• [Exercise inputs]:
(* Let $n\ge 2$. The number $\eta_n$ of all unordered pairs of disjoint $n^2\times n^2$ S-permutation matrices equals $$\eta_n=\frac{(n!)^{2n}}{2}\,\xi_n,\qquad\text{where}\qquad \xi_n=\sum_{\overline{A}\in\overline{\mathfrak{B}}_n,\ \varepsilon(\overline{A})\ge 2}(-1)^{\varepsilon(\overline{A})}\,|\overline{A}|\prod_{i=0}^{n-2}\left[(n-i)!\right]^{\psi_i(\overline{A})}.$$
   Context: An $n^2\times n^2$ S-permutation matrix is an $n^2\times n^2$ binary matrix which, when partitioned into $n^2$ non-intersecting consecutive $n\times n$ blocks, contains exactly one $1$ in each row, each column and each block. Two binary matrices $(a_{ij}),(b_{ij})$ of equal size are disjoint if there are no $i,j$ with $a_{ij}=b_{ij}=1$. $\mathfrak{B}_n$ is the set of $n\times n$ binary matrices. For $A\in\mathfrak{B}_n$, $r_k(A)$ (resp. $c_k(A)$) is the number of rows (resp. columns) of $A$ with exactly $k$ ones, $\psi_k(A)=r_k(A)+c_k(A)$, and $\varepsilon(A)$ is the total number of ones of $A$. $A\sim B$ iff $B$ is obtained from $A$ by permuting rows; $\overline{A}$ is the equivalence class of $A$, $|\overline{A}|$ its cardinality, $\overline{\mathfrak{B}}_n=\mathfrak{B}_n/\!\sim$; $\psi_k,\varepsilon$ are defined on classes via any representative. *)

theory Defs
  imports Complex_Main "HOL-Combinatorics.Permutations"
begin

text \<open>A binary matrix of size m x m is represented by the set of positions
  (i,j), 0-based, with i,j < m, that carry a 1.\<close>

definition S_perm :: "nat \<Rightarrow> (nat \<times> nat) set \<Rightarrow> bool" where
  "S_perm n P \<longleftrightarrow> P \<subseteq> {..<n^2} \<times> {..<n^2}
     \<and> (\<forall>i<n^2. \<exists>!j. (i,j) \<in> P)
     \<and> (\<forall>j<n^2. \<exists>!i. (i,j) \<in> P)
     \<and> (\<forall>a<n. \<forall>b<n. \<exists>!p. p \<in> P \<and> fst p div n = a \<and> snd p div n = b)"

definition disjoint_mat :: "(nat \<times> nat) set \<Rightarrow> (nat \<times> nat) set \<Rightarrow> bool" where
  "disjoint_mat P Q \<longleftrightarrow> P \<inter> Q = {}"

definition eta :: "nat \<Rightarrow> nat" where
  "eta n = card {{P, Q} | P Q. S_perm n P \<and> S_perm n Q \<and> disjoint_mat P Q}"

definition binmats :: "nat \<Rightarrow> (nat \<times> nat) set set" where
  "binmats n = Pow ({..<n} \<times> {..<n})"

definition row_equiv :: "nat \<Rightarrow> ((nat \<times> nat) set \<times> (nat \<times> nat) set) set" where
  "row_equiv n = {(A, B). A \<in> binmats n \<and>
      (\<exists>\<sigma>. \<sigma> permutes {..<n} \<and> B = (\<lambda>(i,j). (\<sigma> i, j)) ` A)}"

definition binclasses :: "nat \<Rightarrow> (nat \<times> nat) set set set" where
  "binclasses n = binmats n // row_equiv n"

definition r_k :: "nat \<Rightarrow> nat \<Rightarrow> (nat \<times> nat) set \<Rightarrow> nat" where
  "r_k n k A = card {i. i < n \<and> card {j. j < n \<and> (i,j) \<in> A} = k}"

definition c_k :: "nat \<Rightarrow> nat \<Rightarrow> (nat \<times> nat) set \<Rightarrow> nat" where
  "c_k n k A = card {j. j < n \<and> card {i. i < n \<and> (i,j) \<in> A} = k}"

definition psi :: "nat \<Rightarrow> nat \<Rightarrow> (nat \<times> nat) set \<Rightarrow> nat" where
  "psi n k A = r_k n k A + c_k n k A"

definition eps :: "(nat \<times> nat) set \<Rightarrow> nat" where
  "eps A = card A"

definition rep :: "(nat \<times> nat) set set \<Rightarrow> (nat \<times> nat) set" where
  "rep C = (SOME A. A \<in> C)"

definition xi :: "nat \<Rightarrow> int" where
  "xi n = (\<Sum>C \<in> {C \<in> binclasses n. eps (rep C) \<ge> 2}.
      (-1) ^ eps (rep C) * int (card C) *
      (\<Prod>i = 0..n-2. (int (fact (n - i))) ^ psi n i (rep C)))"

end

theory Submission
  imports Defs
begin

text \<open>An S-permutation matrix of order \<open>n\<close> is the same as two families of \<open>n\<close> permutations
  of \<open>{0..n-1}\<close>: \<open>F a\<close> sends \<open>r\<close> to the block column of the 1 in row \<open>a n + r\<close>, and \<open>G b\<close>
  sends \<open>s\<close> to the block row of the 1 in column \<open>b n + s\<close>; so there are \<open>(n!)^(2n)\<close> of them.
  Requiring a matrix to contain a set \<open>T\<close> of 1s of a fixed S-permutation matrix \<open>P\<close> fixes some
  values of these permutations, so the number of such matrices is the product of \<open>(n - k)!\<close>
  over the block rows and block columns meeting \<open>k\<close> blocks of \<open>T\<close>. As \<open>P\<close> has exactly one 1 in
  each block, the subsets \<open>T\<close> of \<open>P\<close> correspond to the binary \<open>n \<times> n\<close> matrices \<open>A\<close>, and
  inclusion-exclusion counts the matrices disjoint from \<open>P\<close> by an alternating sum over all \<open>A\<close>
  that does not depend on \<open>P\<close>. In this sum the terms with \<open>\<epsilon>(A) < 2\<close> cancel, and the others are
  constant on the classes of row permutations, which turns it into \<open>\<xi>\<^sub>n\<close>. Every unordered pair
  is counted twice among the ordered ones.\<close>

lemma ex_permutes_extending:
  assumes fin: "finite S" and R: "R \<subseteq> S \<times> S" and inj_fst: "inj_on fst R" and inj_snd: "inj_on snd R"
  obtains \<tau> where "\<tau> permutes S" "\<And>x y. (x, y) \<in> R \<Longrightarrow> \<tau> x = y"
proof -
  define h where "h = snd \<circ> the_inv_into R fst"
  have "bij_betw (the_inv_into R fst) (fst ` R) R"
    using inj_fst by (intro bij_betw_the_inv_into inj_on_imp_bij_betw)
  then have h: "bij_betw h (fst ` R) (snd ` R)"
    unfolding h_def using inj_snd by (intro bij_betw_trans) (auto simp: bij_betw_def)
  have h_R: "h x = y" if "(x, y) \<in> R" for x y
    using that inj_fst by (simp add: h_def the_inv_into_f_eq[of fst R "(x, y)"])
  have "fst ` R \<subseteq> S" "snd ` R \<subseteq> S"
    using R by auto
  then have "card (S - fst ` R) = card (S - snd ` R)"
    using fin by (simp add: card_Diff_subset finite_subset card_image inj_fst inj_snd)
  then obtain g where g: "bij_betw g (S - fst ` R) (S - snd ` R)"
    using fin finite_same_card_bij by blast
  have "bij_betw (\<lambda>x. if x \<in> fst ` R then h x else g x) (fst ` R \<union> (S - fst ` R)) (snd ` R \<union> (S - snd ` R))"
    by (rule bij_betw_disjoint_Un[OF h g]) auto
  moreover have "fst ` R \<union> (S - fst ` R) = S" "snd ` R \<union> (S - snd ` R) = S"
    using R by auto
  ultimately have "restrict_id (\<lambda>x. if x \<in> fst ` R then h x else g x) S permutes S"
    by (intro permutes_restrict_id) simp
  moreover have "restrict_id (\<lambda>x. if x \<in> fst ` R then h x else g x) S x = y" if "(x, y) \<in> R" for x y
    using that R h_R by (force simp: restrict_id_def)
  ultimately show thesis by (rule that)
qed

lemma permutes_extending_eq_image:
  assumes \<tau>: "\<tau> permutes S" and \<tau>_R: "\<And>x y. (x, y) \<in> R \<Longrightarrow> \<tau> x = y"
  shows "{p. p permutes S \<and> (\<forall>(x, y)\<in>R. p x = y)} = (\<lambda>q. \<tau> \<circ> q) ` {q. q permutes S - fst ` R}"
proof (intro equalityI subsetI)
  fix p assume "p \<in> {p. p permutes S \<and> (\<forall>(x, y)\<in>R. p x = y)}"
  then have p: "p permutes S" "\<And>x y. (x, y) \<in> R \<Longrightarrow> p x = y" by auto
  have "inv \<tau> \<circ> p permutes S"
    using p(1) \<tau> by (simp add: permutes_compose permutes_inv)
  moreover have "(inv \<tau> \<circ> p) x = x" if "(x, y) \<in> R" for x y
    using p(2)[OF that] \<tau>_R[OF that] permutes_inverses(2)[OF \<tau>] by (metis comp_apply)
  ultimately have "inv \<tau> \<circ> p permutes S - fst ` R"
    unfolding permutes_def by fastforce
  moreover have "p = \<tau> \<circ> (inv \<tau> \<circ> p)"
    using permutes_inverses(1)[OF \<tau>] by (simp add: fun_eq_iff)
  ultimately show "p \<in> (\<lambda>q. \<tau> \<circ> q) ` {q. q permutes S - fst ` R}" by blast
next
  fix p assume "p \<in> (\<lambda>q. \<tau> \<circ> q) ` {q. q permutes S - fst ` R}"
  then obtain q where q: "q permutes S - fst ` R" and p: "p = \<tau> \<circ> q" by auto
  have "p permutes S"
    using p q \<tau> permutes_compose permutes_subset by blast
  moreover have "p x = y" if "(x, y) \<in> R" for x y
  proof -
    have "q x = x"
      using that by (intro permutes_not_in[OF q]) force
    then show ?thesis
      using that p \<tau>_R by simp
  qed
  ultimately show "p \<in> {p. p permutes S \<and> (\<forall>(x, y)\<in>R. p x = y)}" by auto
qed

lemma card_permutes_extending:
  assumes fin: "finite S" and R: "R \<subseteq> S \<times> S" and inj_fst: "inj_on fst R" and inj_snd: "inj_on snd R"
  shows "card {p. p permutes S \<and> (\<forall>(x, y)\<in>R. p x = y)} = fact (card S - card R)"
proof -
  obtain \<tau> where \<tau>: "\<tau> permutes S" and \<tau>_R: "\<And>x y. (x, y) \<in> R \<Longrightarrow> \<tau> x = y"
    using ex_permutes_extending[OF assms] by blast
  have "inj_on (\<lambda>q. \<tau> \<circ> q) {q. q permutes S - fst ` R}"
    using permutes_inj[OF \<tau>] by (auto simp: inj_on_def fun_eq_iff)
  then have "card {p. p permutes S \<and> (\<forall>(x, y)\<in>R. p x = y)} = card {q. q permutes S - fst ` R}"
    by (simp add: permutes_extending_eq_image[OF \<tau> \<tau>_R] card_image)
  also have "\<dots> = fact (card (S - fst ` R))"
    using fin by (simp add: card_permutations)
  also have "card (S - fst ` R) = card S - card R"
    using R fin by (subst card_Diff_subset) (auto simp: finite_subset card_image inj_fst)
  finally show ?thesis .
qed

lemma permutes_lessThan_less: "p permutes {..<n} \<Longrightarrow> x < n \<Longrightarrow> p x < (n::nat)"
  using permutes_in_image by fastforce

lemma div_less_of_less_square: "i < n^2 \<Longrightarrow> i div n < (n::nat)"
  by (simp add: less_mult_imp_div_less power2_eq_square)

• [Activity]: Say how many lines of the records include the word "auto", and give nothing but the number.

• [Exercise solution]: 9